1.2.3 Calculation of Key Energy Consumption Indicators
The comprehensive energy consumption per unit area is calculated as follows:
The energy consumption indicator per unit area = total building energy consumption / floor area.
The total energy consumption per unit area indicator = 49.46 tons of standard coal ÷ 4419㎡ = 11.19 kg of standard coal/(㎡·a).
The calculation for unit floor area electricity consumption is as follows:
Unit Floor Area Energy Consumption Indicator = Total Building Energy Consumption / Floor Area.
The unit floor area energy consumption index is 40.24 million kWh ÷ 4419㎡ = 91.07 kWh/(㎡·a).
The calculation for water consumption per unit area is as follows:
Unit Floor Area Water Consumption Index = Total Building Water Consumption / Floor Area.
The unit area water consumption index is 1.69万m³ ÷ 4419㎡ = 3.81m³/(㎡·a).
Square Meter Building Area Heating Consumption Index = Total Heating Energy Consumption / Heating Area
The unit floor area heating total indicator is calculated as follows: 22.82 tons of standard coal ÷ 3977㎡ = 5.74 kg of standard coal/(㎡·a)
Unit personnel energy consumption calculation as follows:
Total Energy Consumption Per Unit = Total Annual Energy Consumption / Number of Energy Consumers
The total energy consumption per employee indicator is calculated as follows: 54.60 tons of standard coal ÷ 142 employees = 0.38 tons of standard coal per employee per year.
Unit personnel electricity consumption calculation is as follows:
Unit Energy Consumption Indicator = Total Energy Consumption / Number of Energy Consumers.
Unit personnel electricity consumption target = 402,400 kWh ÷ 142 people = 2.8万kWh/(person·year).
Unit personnel water consumption calculation is as follows:
Unit Personnel Water Consumption Index = Total Water Consumption / Number of Energy Users.
Unit personnel water consumption indicator = 16,900 m³ / 142 people = 118.66 m³/(person·year).
2. Ankelei Building Energy Consumption Analysis System
2.1 Overview
The Acrel-5000web Building Energy Consumption Analysis System is a user-side energy management analysis system. It builds upon the electrical energy management system by adding centralized collection and analysis of water, gas, coal, oil, heat (cooling) consumption. By细分 and statistically analyzing all energy consumption at the user end, it presents various energy usage and consumption patterns to management or decision-makers through intuitive data and charts. This facilitates identifying high-energy consumption points or inefficient energy consumption habits, effectively saving energy, and providing accurate data support for users to further improve energy-saving renovations or equipment upgrades. Users can implement energy calculations according to national regulations, analyze the current situation, identify issues, explore energy-saving potential, propose practical measures, and submit energy calculation reports to departments responsible for energy conservation at or above the county level.
2.2 Application Scenarios
System design, construction, and operational maintenance for energy consumption monitoring and management applicable to various industries such as public buildings, corporate groups, industrial parks, large-scale properties, schools, hospitals, and enterprises.
2.3 System Features
2.3.1 System Overview
The platform displays the operational status, monthly energy consumption calculations, map navigation, hourly and monthly energy consumption curves, and a rolling comparison of daily and monthly energy consumption year-on-year.

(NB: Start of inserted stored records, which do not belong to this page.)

lemma block_diag_convex_comb:
  assumes "A \<in> carrier_mat n n" "B \<in> carrier_mat n n" "C \<in> carrier_mat m m"
  shows "complex_of_real t \<cdot>\<^sub>m block_diag n m A C + complex_of_real (1 - t) \<cdot>\<^sub>m block_diag n m B C
    = block_diag n m (complex_of_real t \<cdot>\<^sub>m A + complex_of_real (1 - t) \<cdot>\<^sub>m B) C"
  by (rule eq_matI) (use assms in \<open>auto simp flip: distrib_right of_real_add\<close>)

lemma psd_n_zero: "psd_n n (0\<^sub>m n n)"
proof -
  have "0\<^sub>m n n *\<^sub>v v = 0\<^sub>v n" if "v \<in> carrier_vec n" for v :: "complex vec"
    by (rule eq_vecI) (use that in auto)
  then show ?thesis unfolding psd_n_def hermitian_n_def by auto
qed

lemma psd_n_square_root:
  assumes L: "psd_n n L"
  obtains K where "K \<in> carrier_mat n n" "mat_adjoint K * K = L"
proof -
  obtain U d where U: "unitary_n n U" "L = U * diag_real n d * mat_adjoint U"
    using hermitian_n_spectral L unfolding psd_n_def by blast
  have Uc: "U \<in> carrier_mat n n" using unitary_n_carrier[OF U(1)] .
  have Lc: "L \<in> carrier_mat n n" using L unfolding psd_n_def hermitian_n_def by auto
  have D: "mat_adjoint U * (L * U) = diag_real n d"
    unfolding U(2) using Uc unitary_n_adjoint_mult[OF U(1)] unitary_n_cancel_left[OF U(1), of _ n]
    by (simp add: assoc_mult_mat[of _ n n _ n _ n])
  have d_nonneg: "d i \<ge> 0" if i: "i < n" for i
  proof -
    have "complex_of_real (d i) = row (mat_adjoint U) i \<bullet> col (L * U) i"
      using arg_cong[OF D, of "\<lambda>M. M $$ (i, i)"] i Uc Lc by simp
    also have "\<dots> = conjugate (col U i) \<bullet> (L *\<^sub>v col U i)"
      using i Uc Lc by (auto intro!: arg_cong2[where f = scalar_prod] eq_vecI col_mult2)
    finally have "d i = Re (conjugate (col U i) \<bullet> (L *\<^sub>v col U i))"
      by (metis Re_complex_of_real)
    then show ?thesis using L Uc i unfolding psd_n_def by auto
  qed
  define K where "K = diag_real n (\<lambda>i. sqrt (d i)) * mat_adjoint U"
  have Kc: "K \<in> carrier_mat n n" unfolding K_def using Uc by auto
  have "mat_adjoint K * K = U * (diag_real n (\<lambda>i. sqrt (d i)) * diag_real n (\<lambda>i. sqrt (d i))) * mat_adjoint U"
    unfolding K_def using Uc
    by (simp add: mat_adjoint_mult[of _ n n _ n] assoc_mult_mat[of _ n n _ n _ n])
  also have "diag_real n (\<lambda>i. sqrt (d i)) * diag_real n (\<lambda>i. sqrt (d i)) = diag_real n d"
    unfolding diag_real_mult by (rule eq_matI) (auto simp: d_nonneg)
  finally show ?thesis using that Kc U(2) by auto
qed
lemma T_op_v_up:
  assumes "1 \<le> z" "1 \<le> i" "i \<le> n"
  shows "T_op i (v_up n z) = (if i < z then 1 else 2)"
proof (cases "i < z \<or> i = 1")
  case True
  then have "T_op i (v_up n z) = v_up n z ! (i - 1)"
    using assms by (intro T_op_eq_nth_if_prefix_min) (auto simp: nth_v_up)
  then show ?thesis using assms True by (auto simp: nth_v_up)
next
  case False
  then have "T_op i (v_up n z) = v_up n z ! (i - 1) - v_up n z ! (i - 1 - 1) + 1"
    using assms by (intro T_op_one_step) (auto simp: nth_v_up split: if_splits, linarith+)
  then show ?thesis using assms False by (auto simp: nth_v_up)
qed

definition updown :: "nat \<Rightarrow> bool list" where
  "updown k = concat (replicate k [True, False])"

definition low_path :: "nat \<Rightarrow> nat \<Rightarrow> bool list" where
  "low_path n z = replicate z True @ replicate z False @ updown (n + 1 - z)"

definition up_path :: "nat \<Rightarrow> nat \<Rightarrow> bool list" where
  "up_path n z = updown (z - 1) @ True # updown (n + 1 - z) @ [False]"

lemma updown_Suc: "updown (Suc k) = updown k @ [True, False]"
  by (simp add: updown_def replicate_append_same[symmetric])

lemma length_updown [simp]: "length (updown k) = 2 * k"
  by (simp add: updown_def length_concat sum_list_replicate)

lemma count_list_updown [simp]: "count_list (updown k) c = k"
  by (induction k) (auto simp: updown_Suc, simp add: updown_def)

lemma positions_updown:
  "positions True (updown k) = map (\<lambda>j. 2 * j) [0..<k]"
  "positions False (updown k) = map (\<lambda>j. 2 * j + 1) [0..<k]"
  by (induction k) (simp_all add: updown_Suc positions_append positions_Cons, simp_all add: updown_def)

lemma ballot_updown: "ballot (updown k)"
  by (induction k) (simp_all add: updown_Suc ballot_append ballot_wrap[of "[]", simplified], simp add: updown_def)

lemma ballot_replicate_True_False: "ballot (replicate z True @ replicate z False)"
proof (induction z)
  case (Suc z)
  then show ?case
    using ballot_wrap[of "replicate z True @ replicate z False"]
    by (metis append_Cons append_assoc replicate_Suc replicate_append_same)
qed simp

lemma dyck_low_path: "z \<le> n + 1 \<Longrightarrow> dyck (n + 1) (low_path n z)"
  using ballot_append[OF ballot_replicate_True_False ballot_updown, of z "n + 1 - z"]
  by (simp add: dyck_iff_ballot low_path_def)

lemma dyck_up_path: "1 \<le> z \<Longrightarrow> z \<le> n + 1 \<Longrightarrow> dyck (n + 1) (up_path n z)"
  by (simp add: dyck_iff_ballot up_path_def ballot_append ballot_updown ballot_wrap[simplified])

lemma ups_before_D_low_path:
  assumes "z \<le> n + 1" "i \<le> n"
  shows "ups_before_D (low_path n z) (Suc i) = (if i < z then z else Suc i)"
  using assms
  by (subst ups_before_D_eq) (auto simp: low_path_def positions_append positions_updown nth_append)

2.3.2 Energy Consumption Overview
The company compares energy consumption across buildings, departments, regions, branches, and categories. It supports hourly trends for the current day, daily trends for the current month, segmented energy consumption statistics, and total energy consumption comparisons with both same and prior periods.
2.3.3 Energy Consumption Statistics
The company's statistics on classified energy consumption are conducted in the form of daily, monthly, and annual reports for structures such as buildings, regions, sub-items, and branches. The reports support exporting data to Excel and generating bar charts from selected building data.
2.3.4 Reimbursement Rate Statistics
The report on the composite rate analyzes the peak, peak, flat, and valley electricity consumption and cost for different branches under a single building on a daily, monthly, and annual basis. It supports data export to Excel.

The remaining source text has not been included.